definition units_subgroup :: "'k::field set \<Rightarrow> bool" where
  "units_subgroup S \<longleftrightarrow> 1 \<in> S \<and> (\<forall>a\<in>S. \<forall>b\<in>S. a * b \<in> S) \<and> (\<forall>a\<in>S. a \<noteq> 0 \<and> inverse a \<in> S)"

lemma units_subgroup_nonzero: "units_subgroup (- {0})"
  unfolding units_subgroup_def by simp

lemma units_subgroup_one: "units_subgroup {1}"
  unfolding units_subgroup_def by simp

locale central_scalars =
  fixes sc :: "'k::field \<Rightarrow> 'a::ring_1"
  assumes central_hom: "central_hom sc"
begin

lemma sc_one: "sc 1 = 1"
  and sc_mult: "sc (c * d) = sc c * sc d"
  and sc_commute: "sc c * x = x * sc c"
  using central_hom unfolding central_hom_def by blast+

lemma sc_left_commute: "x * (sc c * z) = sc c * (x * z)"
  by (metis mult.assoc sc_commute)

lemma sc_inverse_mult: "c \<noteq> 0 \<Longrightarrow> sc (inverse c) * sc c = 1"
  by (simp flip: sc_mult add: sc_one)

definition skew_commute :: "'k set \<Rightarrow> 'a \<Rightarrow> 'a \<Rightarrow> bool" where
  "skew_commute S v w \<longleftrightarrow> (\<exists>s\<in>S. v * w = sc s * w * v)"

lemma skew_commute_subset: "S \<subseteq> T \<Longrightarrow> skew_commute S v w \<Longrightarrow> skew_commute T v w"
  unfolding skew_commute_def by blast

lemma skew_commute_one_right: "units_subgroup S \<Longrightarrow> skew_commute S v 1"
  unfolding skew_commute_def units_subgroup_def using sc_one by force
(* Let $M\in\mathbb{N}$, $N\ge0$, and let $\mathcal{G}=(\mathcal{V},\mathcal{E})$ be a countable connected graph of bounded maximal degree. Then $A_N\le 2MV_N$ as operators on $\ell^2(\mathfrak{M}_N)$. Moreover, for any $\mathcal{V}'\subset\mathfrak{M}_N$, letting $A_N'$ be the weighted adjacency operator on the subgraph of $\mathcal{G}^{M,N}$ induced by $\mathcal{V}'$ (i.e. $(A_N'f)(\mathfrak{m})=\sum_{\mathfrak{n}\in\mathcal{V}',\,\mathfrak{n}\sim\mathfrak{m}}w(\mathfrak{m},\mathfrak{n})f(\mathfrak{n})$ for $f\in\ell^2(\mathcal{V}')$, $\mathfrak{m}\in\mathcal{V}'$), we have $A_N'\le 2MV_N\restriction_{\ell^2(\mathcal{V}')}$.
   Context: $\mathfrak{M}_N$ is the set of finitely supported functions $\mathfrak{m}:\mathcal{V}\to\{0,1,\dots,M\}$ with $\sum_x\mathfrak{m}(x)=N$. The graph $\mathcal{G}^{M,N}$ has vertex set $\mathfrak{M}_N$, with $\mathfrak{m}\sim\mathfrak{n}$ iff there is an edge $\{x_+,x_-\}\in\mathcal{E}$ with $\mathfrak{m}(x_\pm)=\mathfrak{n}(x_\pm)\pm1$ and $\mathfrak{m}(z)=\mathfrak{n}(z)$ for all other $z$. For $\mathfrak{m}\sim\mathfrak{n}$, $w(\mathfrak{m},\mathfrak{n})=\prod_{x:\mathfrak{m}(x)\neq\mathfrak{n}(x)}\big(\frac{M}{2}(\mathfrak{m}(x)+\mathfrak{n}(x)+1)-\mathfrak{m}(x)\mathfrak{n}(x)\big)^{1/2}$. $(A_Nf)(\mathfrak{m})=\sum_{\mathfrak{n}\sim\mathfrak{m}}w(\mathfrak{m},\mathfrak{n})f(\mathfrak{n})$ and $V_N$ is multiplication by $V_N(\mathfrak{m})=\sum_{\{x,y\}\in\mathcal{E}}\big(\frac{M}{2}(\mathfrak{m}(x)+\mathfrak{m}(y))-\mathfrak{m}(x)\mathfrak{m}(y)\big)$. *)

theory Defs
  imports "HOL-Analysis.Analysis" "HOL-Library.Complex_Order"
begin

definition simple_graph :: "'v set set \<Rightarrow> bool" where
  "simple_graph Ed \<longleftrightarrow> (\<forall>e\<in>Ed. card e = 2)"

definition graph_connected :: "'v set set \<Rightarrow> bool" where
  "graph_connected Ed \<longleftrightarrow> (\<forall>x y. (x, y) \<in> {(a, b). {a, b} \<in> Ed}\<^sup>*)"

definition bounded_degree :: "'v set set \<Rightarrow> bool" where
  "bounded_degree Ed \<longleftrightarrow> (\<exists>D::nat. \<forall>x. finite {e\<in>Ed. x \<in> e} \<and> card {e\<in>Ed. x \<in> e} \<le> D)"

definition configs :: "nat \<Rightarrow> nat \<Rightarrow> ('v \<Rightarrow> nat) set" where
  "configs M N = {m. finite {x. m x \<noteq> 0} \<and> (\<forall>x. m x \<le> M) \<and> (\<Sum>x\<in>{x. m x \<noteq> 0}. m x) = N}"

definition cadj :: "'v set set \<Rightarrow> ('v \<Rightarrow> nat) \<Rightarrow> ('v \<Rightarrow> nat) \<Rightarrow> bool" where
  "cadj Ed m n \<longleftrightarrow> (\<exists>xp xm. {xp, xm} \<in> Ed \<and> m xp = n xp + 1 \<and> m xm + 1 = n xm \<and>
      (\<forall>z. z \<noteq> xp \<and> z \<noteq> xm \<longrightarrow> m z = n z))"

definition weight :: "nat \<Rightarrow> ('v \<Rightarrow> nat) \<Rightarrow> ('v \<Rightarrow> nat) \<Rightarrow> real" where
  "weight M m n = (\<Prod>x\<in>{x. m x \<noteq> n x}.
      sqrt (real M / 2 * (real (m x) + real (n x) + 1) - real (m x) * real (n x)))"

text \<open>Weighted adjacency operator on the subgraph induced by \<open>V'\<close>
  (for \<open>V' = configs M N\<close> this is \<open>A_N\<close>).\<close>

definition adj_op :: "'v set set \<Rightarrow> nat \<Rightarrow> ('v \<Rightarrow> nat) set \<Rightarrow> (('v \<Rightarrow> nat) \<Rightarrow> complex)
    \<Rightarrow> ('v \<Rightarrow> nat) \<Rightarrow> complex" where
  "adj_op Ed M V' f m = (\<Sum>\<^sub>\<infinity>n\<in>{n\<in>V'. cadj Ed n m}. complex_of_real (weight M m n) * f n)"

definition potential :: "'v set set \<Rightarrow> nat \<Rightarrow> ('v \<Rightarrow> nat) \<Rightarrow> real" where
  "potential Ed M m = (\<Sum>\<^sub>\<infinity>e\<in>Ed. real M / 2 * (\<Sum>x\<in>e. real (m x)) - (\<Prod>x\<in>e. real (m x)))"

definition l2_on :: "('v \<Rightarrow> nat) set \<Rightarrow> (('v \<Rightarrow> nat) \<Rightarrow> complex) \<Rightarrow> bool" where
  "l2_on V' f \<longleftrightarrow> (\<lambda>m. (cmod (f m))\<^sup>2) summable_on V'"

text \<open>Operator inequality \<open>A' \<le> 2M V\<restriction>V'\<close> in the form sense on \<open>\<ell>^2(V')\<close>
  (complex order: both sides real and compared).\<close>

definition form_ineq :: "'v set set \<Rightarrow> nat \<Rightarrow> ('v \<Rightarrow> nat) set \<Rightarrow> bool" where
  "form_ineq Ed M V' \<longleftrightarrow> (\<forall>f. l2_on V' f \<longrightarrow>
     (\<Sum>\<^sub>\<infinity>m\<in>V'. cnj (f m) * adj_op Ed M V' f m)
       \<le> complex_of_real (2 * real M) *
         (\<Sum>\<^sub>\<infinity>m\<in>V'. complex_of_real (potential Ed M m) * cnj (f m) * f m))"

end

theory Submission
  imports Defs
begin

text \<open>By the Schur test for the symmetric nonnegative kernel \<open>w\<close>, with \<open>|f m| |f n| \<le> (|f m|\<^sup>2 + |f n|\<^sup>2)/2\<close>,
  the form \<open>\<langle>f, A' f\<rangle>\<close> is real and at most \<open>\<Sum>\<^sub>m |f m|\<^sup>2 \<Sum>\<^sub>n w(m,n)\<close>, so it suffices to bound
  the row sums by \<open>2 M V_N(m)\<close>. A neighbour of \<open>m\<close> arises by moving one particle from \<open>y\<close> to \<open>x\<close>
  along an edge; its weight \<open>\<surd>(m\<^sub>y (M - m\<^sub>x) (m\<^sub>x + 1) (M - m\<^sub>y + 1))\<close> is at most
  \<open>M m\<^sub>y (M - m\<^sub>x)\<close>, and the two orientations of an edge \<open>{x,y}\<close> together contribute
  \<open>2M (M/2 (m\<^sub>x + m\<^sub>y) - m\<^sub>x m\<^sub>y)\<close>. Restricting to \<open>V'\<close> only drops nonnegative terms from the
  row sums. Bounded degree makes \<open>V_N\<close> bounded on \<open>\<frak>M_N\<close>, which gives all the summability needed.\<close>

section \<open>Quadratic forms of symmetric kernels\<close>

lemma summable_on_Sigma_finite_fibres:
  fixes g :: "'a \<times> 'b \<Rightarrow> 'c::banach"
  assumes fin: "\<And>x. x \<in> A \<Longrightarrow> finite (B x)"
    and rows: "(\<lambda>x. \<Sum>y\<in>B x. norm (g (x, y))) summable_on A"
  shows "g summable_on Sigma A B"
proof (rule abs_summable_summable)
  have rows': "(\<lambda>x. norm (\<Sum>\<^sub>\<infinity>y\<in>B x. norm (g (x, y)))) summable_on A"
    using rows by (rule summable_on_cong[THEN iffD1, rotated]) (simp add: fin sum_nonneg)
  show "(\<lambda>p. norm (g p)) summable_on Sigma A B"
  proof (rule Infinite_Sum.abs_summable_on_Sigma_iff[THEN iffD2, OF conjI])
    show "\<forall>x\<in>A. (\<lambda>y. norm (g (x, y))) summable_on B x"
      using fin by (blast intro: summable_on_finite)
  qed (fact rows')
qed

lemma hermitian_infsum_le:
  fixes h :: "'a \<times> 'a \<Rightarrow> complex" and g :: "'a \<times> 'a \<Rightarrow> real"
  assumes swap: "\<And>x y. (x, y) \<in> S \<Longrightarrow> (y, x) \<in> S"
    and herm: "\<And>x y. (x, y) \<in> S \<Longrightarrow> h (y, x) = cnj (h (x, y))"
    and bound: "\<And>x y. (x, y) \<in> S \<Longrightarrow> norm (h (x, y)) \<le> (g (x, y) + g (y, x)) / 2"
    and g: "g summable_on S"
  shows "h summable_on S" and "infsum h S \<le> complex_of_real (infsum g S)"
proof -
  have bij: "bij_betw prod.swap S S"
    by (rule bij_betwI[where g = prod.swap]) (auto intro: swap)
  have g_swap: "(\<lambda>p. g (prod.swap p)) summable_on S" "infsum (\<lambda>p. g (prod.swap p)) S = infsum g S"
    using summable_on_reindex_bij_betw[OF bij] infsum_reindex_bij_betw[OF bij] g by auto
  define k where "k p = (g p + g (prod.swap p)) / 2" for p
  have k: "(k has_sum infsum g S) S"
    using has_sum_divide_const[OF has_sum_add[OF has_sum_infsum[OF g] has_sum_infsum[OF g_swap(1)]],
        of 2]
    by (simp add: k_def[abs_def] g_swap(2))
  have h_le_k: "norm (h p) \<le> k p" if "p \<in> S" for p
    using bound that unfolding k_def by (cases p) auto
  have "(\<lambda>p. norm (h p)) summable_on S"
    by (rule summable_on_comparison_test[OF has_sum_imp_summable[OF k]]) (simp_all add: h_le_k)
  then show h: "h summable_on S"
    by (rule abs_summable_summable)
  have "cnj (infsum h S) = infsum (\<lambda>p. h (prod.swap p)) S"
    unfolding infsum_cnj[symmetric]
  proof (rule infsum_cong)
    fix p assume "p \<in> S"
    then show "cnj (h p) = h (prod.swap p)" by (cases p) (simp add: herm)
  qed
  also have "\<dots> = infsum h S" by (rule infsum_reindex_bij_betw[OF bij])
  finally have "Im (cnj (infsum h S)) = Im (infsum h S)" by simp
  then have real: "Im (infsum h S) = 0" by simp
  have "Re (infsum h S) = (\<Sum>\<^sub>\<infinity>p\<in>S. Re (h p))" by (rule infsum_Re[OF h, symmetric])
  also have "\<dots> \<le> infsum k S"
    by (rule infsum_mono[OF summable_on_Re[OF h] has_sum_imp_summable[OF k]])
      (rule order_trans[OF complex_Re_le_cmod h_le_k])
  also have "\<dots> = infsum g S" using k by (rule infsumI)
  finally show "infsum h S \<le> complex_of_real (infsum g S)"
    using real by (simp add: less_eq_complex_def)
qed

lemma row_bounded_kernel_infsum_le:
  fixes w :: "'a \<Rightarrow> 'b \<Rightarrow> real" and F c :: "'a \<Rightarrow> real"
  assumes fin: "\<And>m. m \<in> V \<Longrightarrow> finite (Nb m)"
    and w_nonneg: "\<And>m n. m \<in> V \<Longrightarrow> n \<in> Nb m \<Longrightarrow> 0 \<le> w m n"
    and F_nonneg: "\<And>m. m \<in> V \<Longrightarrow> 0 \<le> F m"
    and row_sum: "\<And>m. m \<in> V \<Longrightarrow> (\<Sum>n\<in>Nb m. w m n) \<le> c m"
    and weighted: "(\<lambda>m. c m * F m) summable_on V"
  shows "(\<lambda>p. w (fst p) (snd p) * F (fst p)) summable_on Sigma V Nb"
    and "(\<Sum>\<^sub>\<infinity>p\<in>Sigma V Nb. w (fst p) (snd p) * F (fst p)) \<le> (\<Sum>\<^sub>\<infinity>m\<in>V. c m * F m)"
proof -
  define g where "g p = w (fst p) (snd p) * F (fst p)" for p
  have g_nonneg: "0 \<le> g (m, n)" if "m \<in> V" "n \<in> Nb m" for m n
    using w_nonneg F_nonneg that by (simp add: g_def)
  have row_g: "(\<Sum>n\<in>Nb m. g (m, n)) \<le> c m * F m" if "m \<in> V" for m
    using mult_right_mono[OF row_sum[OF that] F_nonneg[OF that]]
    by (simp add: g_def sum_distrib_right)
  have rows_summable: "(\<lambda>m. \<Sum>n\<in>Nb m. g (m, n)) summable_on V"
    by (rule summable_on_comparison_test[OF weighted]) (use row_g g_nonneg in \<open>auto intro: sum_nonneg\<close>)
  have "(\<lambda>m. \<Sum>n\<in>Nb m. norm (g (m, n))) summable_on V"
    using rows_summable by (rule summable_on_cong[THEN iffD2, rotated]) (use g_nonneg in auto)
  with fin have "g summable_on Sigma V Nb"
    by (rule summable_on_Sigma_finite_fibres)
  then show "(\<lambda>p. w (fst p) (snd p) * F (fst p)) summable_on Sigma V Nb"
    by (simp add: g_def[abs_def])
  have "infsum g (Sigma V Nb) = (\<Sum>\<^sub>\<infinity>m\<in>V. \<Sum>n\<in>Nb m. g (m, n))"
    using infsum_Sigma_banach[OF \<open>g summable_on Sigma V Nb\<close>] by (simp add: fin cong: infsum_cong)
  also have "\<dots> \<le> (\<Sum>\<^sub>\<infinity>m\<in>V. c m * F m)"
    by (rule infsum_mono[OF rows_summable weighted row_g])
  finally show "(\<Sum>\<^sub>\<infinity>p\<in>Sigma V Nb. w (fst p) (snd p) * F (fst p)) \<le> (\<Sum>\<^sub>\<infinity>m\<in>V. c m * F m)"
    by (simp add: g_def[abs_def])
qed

* WHAT YOU HAVE TO DO:
Determine how many lines of the listing hold the word "proof" and reply with that figure alone.

* EXERCISE SOLUTION:
5